* _PROBLEM STATEMENT_
In the listing below, print exactly the lines between the line holding "by uniqueness for" and the line holding "0 U f \<longleftrightarrow>", inclusive, and no more.

* _DATA FOR THIS TASK_
▬▬▬▬▬▬
(* Let $g_*$ be the standard metric on $\mathbb{S}^2$, let $f>0$ be a smooth function on $[a,b]$, and consider the metric $\gamma=ds^2+f(s)^2g_*$ on $[a,b]\times\mathbb{S}^2$. Suppose (1) $\gamma$ has positive scalar curvature; (2) $\Sigma_b:=\{b\}\times\mathbb{S}^2$ has positive mean curvature; and (3) $\mathfrak{m}_{_H}(\Sigma_b)\ge 0$. Then for any $m_e>\mathfrak{m}_{_H}(\Sigma_b)$ there exists a smooth, rotationally symmetric, asymptotically flat Riemannian $3$-manifold $M$ with boundary $\partial M$ and non-negative scalar curvature such that (i) outside a compact set, $M$ is isometric to a spatial Schwarzschild manifold of mass $m_e$; (ii) $\partial M$ has a neighborhood $U$ isometric to $\left([a,\frac{a+b}{2})\times\mathbb{S}^2,\gamma\right)$; and (iii) if $f'>0$ on $[a,b]$, then $M$ can be constructed such that every rotationally symmetric sphere in $M$ has positive constant mean curvature.
   Context: The mean curvature of $\Sigma_b$ is computed with respect to the unit normal $\partial_s$ (so it equals $2f'(b)/f(b)$). The Hawking mass of a closed surface $S$ with induced metric and mean curvature $H$ is $\mathfrak{m}_{_H}(S)=\sqrt{\frac{|S|}{16\pi}}\left(1-\frac{1}{16\pi}\int_S H^2\,d\sigma\right)$; for $\Sigma_b$ it equals $\frac{f(b)}{2}(1-f'(b)^2)$. The spatial Schwarzschild manifold of mass $m>0$ is $\left((2m,\infty)\times\mathbb{S}^2,\ \frac{1}{1-2m/r}dr^2+r^2g_*\right)$. *)

theory Defs
  imports "HOL-Analysis.Analysis"
begin

text \<open>Smoothness of a real function on a set S: f is infinitely differentiable
  on some open set containing S (for closed intervals this is equivalent to
  smoothness up to the boundary, by Seeley/Whitney extension).  On the open
  set U every iterated deriv is a genuine derivative.\<close>
definition smooth_on :: "real set \<Rightarrow> (real \<Rightarrow> real) \<Rightarrow> bool" where
  "smooth_on S f \<longleftrightarrow> (\<exists>U. open U \<and> S \<subseteq> U \<and>
      (\<forall>k::nat. \<forall>x\<in>U. ((deriv ^^ k) f) differentiable (at x)))"

text \<open>Rotationally symmetric (warped product) metric ds^2 + F(s)^2 g_* on
  I x S^2, with g_* the round unit metric on S^2.\<close>

definition warped_scal :: "(real \<Rightarrow> real) \<Rightarrow> real \<Rightarrow> real" where
  "warped_scal F s =
     (2 * (1 - (deriv F s)\<^sup>2) - 4 * F s * deriv (deriv F) s) / (F s)\<^sup>2"

text \<open>Mean curvature of the sphere {s} x S^2 with respect to the unit normal d/ds.\<close>
definition warped_mean_curv :: "(real \<Rightarrow> real) \<Rightarrow> real \<Rightarrow> real" where
  "warped_mean_curv F s = 2 * deriv F s / F s"

definition warped_hawking_mass :: "(real \<Rightarrow> real) \<Rightarrow> real \<Rightarrow> real" where
  "warped_hawking_mass F s = F s / 2 * (1 - (deriv F s)\<^sup>2)"

text \<open>The warped product ([s1,\<infinity>) x S^2, ds^2 + F^2 g_*) is isometric (via r = F(s))
  to the exterior region {r \<ge> F s1} of the spatial Schwarzschild manifold of mass m:
  F > 2m and dF/ds = sqrt(1 - 2m/F) there.\<close>
definition schwarzschild_end :: "real \<Rightarrow> (real \<Rightarrow> real) \<Rightarrow> real \<Rightarrow> bool" where
  "schwarzschild_end m F s1 \<longleftrightarrow>
     (\<forall>s\<ge>s1. F s > 2 * m \<and> deriv F s = sqrt (1 - 2 * m / F s))"

end

theory Submission
  imports Defs "HOL-Computational_Algebra.Polynomial"
begin

text \<open>Where f' > 0 the area radius r = f s is a coordinate, in which
  \<gamma> = dr^2 / (1 - 2 m(r) / r) + r^2 g_* with m(r) the Hawking mass of the sphere of area
  radius r. In these terms the scalar curvature is 4 m'(r) / r^2 and the mean curvature is
  2 sqrt (1 - 2 m(r) / r) / r. Near \<Sigma>_b positive scalar curvature makes m increasing, and
  2 m(r) < r. Keeping m up to a radius r1 < f b and then blending it smoothly and monotonically
  into the constant m_e preserves 2 m(r) < r. Integrating ds/dr = (1 - 2 m(r) / r)^(-1/2) and
  inverting gives a warped product with nonnegative scalar curvature and positive mean curvature;
  by uniqueness for this ODE it agrees with f below the radius r1, and it is Schwarzschild of
  mass m_e once m = m_e.\<close>

section \<open>Higher differentiability on open sets\<close>

fun differentiable_upto :: "nat \<Rightarrow> real set \<Rightarrow> (real \<Rightarrow> real) \<Rightarrow> bool" where
  "differentiable_upto 0 U f \<longleftrightarrow> True"
| "differentiable_upto (Suc k) U f \<longleftrightarrow>
     (\<forall>x\<in>U. f differentiable (at x)) \<and> differentiable_upto k U (deriv f)"

lemma differentiable_upto_Suc_iff:
  "differentiable_upto (Suc k) U f \<longleftrightarrow> (\<forall>j\<le>k. \<forall>x\<in>U. (deriv ^^ j) f differentiable (at x))"
proof (induction k arbitrary: f)
  case (Suc k)
  have "differentiable_upto (Suc (Suc k)) U f \<longleftrightarrow>
      (\<forall>x\<in>U. f differentiable (at x)) \<and> (\<forall>j\<le>k. \<forall>x\<in>U. (deriv ^^ Suc j) f differentiable (at x))"
    using Suc[of "deriv f"] by (simp add: funpow_Suc_right del: funpow.simps)
  also have "\<dots> \<longleftrightarrow> (\<forall>j\<le>Suc k. \<forall>x\<in>U. (deriv ^^ j) f differentiable (at x))"
    by (metis Suc_le_mono funpow_0 le0 not0_implies_Suc)
  finally show ?case .
qed simp

lemma differentiable_upto_all_iff:
  "(\<forall>k. differentiable_upto k U f) \<longleftrightarrow> (\<forall>k. \<forall>x\<in>U. (deriv ^^ k) f differentiable (at x))"
  by (metis differentiable_upto.simps(1) differentiable_upto_Suc_iff le_refl not0_implies_Suc)

lemma differentiable_upto_cong:
  assumes "open U" "\<And>x. x \<in> U \<Longrightarrow> f x = g x" "differentiable_upto k U f"
  shows "differentiable_upto k U g"
  using assms(2,3)
proof (induction k arbitrary: f g)
  case (Suc k)
  have ev: "eventually (\<lambda>y. f y = g y) (nhds x)" if "x \<in> U" for x
    using eventually_nhds_in_open[OF assms(1) that] by (rule eventually_mono)
      (use Suc.prems in auto)
  have "deriv f x = deriv g x" if "x \<in> U" for x
    using deriv_cong_ev[OF ev[OF that] refl] .
  moreover have "g differentiable (at x)" if "x \<in> U" for x
  proof -
    have "f differentiable (at x)" using Suc.prems(2) that by simp
    then obtain D where "(f has_real_derivative D) (at x)"
      by (auto simp: real_differentiable_def)
    then have "(g has_real_derivative D) (at x)"
      by (rule has_field_derivative_transform_within_open[OF _ assms(1) that Suc.prems(1)])
    then show ?thesis by (auto simp: real_differentiable_def)
  qed
  ultimately show ?case
    using Suc.prems Suc.IH[of "deriv f" "deriv g"] by auto
qed simp

lemma differentiable_upto_SucD: "differentiable_upto (Suc k) U f \<Longrightarrow> differentiable_upto k U f"
  by (induction k arbitrary: f) auto

lemma differentiable_upto_subset:
  "differentiable_upto k U f \<Longrightarrow> V \<subseteq> U \<Longrightarrow> differentiable_upto k V f"
  by (induction k arbitrary: f) auto

lemma differentiable_upto_Un:
  "differentiable_upto k U f \<Longrightarrow> differentiable_upto k V f \<Longrightarrow> differentiable_upto k (U \<union> V) f"
  by (induction k arbitrary: f) auto

lemma differentiable_upto_derivI:
  assumes "open U" "\<And>x. x \<in> U \<Longrightarrow> (f has_real_derivative f' x) (at x)" "differentiable_upto k U f'"
  shows "differentiable_upto (Suc k) U f"
proof -
  have "differentiable_upto k U (deriv f)"
    by (rule differentiable_upto_cong[OF assms(1) _ assms(3)])
      (use assms(2) DERIV_imp_deriv in metis)
  moreover have "\<forall>x\<in>U. f differentiable (at x)"
    using assms(2) real_differentiable_def by blast
  ultimately show ?thesis by simp
qed

lemma differentiable_upto_const: "differentiable_upto k U (\<lambda>x. c)"
proof (induction k arbitrary: c)
  case (Suc k)
  have "deriv (\<lambda>x. c) = (\<lambda>x. 0)" by (intro ext DERIV_imp_deriv) simp
  then show ?case using Suc by simp
qed simp

lemma differentiable_upto_ident: "differentiable_upto k U (\<lambda>x. x)"
proof (cases k)
  case (Suc j)
  have "deriv (\<lambda>x. x) = (\<lambda>x. 1)" by (intro ext DERIV_imp_deriv) simp
  then show ?thesis using Suc differentiable_upto_const by simp
qed simp

lemma differentiable_upto_add:
  assumes "open U" "differentiable_upto k U f" "differentiable_upto k U g"
  shows "differentiable_upto k U (\<lambda>x. f x + g x)"
  using assms(2,3)
proof (induction k arbitrary: f g)
  case (Suc k)
  have "((\<lambda>x. f x + g x) has_real_derivative deriv f x + deriv g x) (at x)" if "x \<in> U" for x
    using Suc.prems that by (auto intro!: DERIV_add simp: DERIV_deriv_iff_real_differentiable)
  then show ?case
    by (rule differentiable_upto_derivI[OF assms(1) _ Suc.IH]) (use Suc.prems in simp_all)
qed simp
▬▬▬▬▬▬
* _PROBLEM SOLUTION_
  by uniqueness for this ODE it agrees with f below the radius r1, and it is Schwarzschild of
  mass m_e once m = m_e.\<close>

section \<open>Higher differentiability on open sets\<close>

fun differentiable_upto :: "nat \<Rightarrow> real set \<Rightarrow> (real \<Rightarrow> real) \<Rightarrow> bool" where
  "differentiable_upto 0 U f \<longleftrightarrow> True"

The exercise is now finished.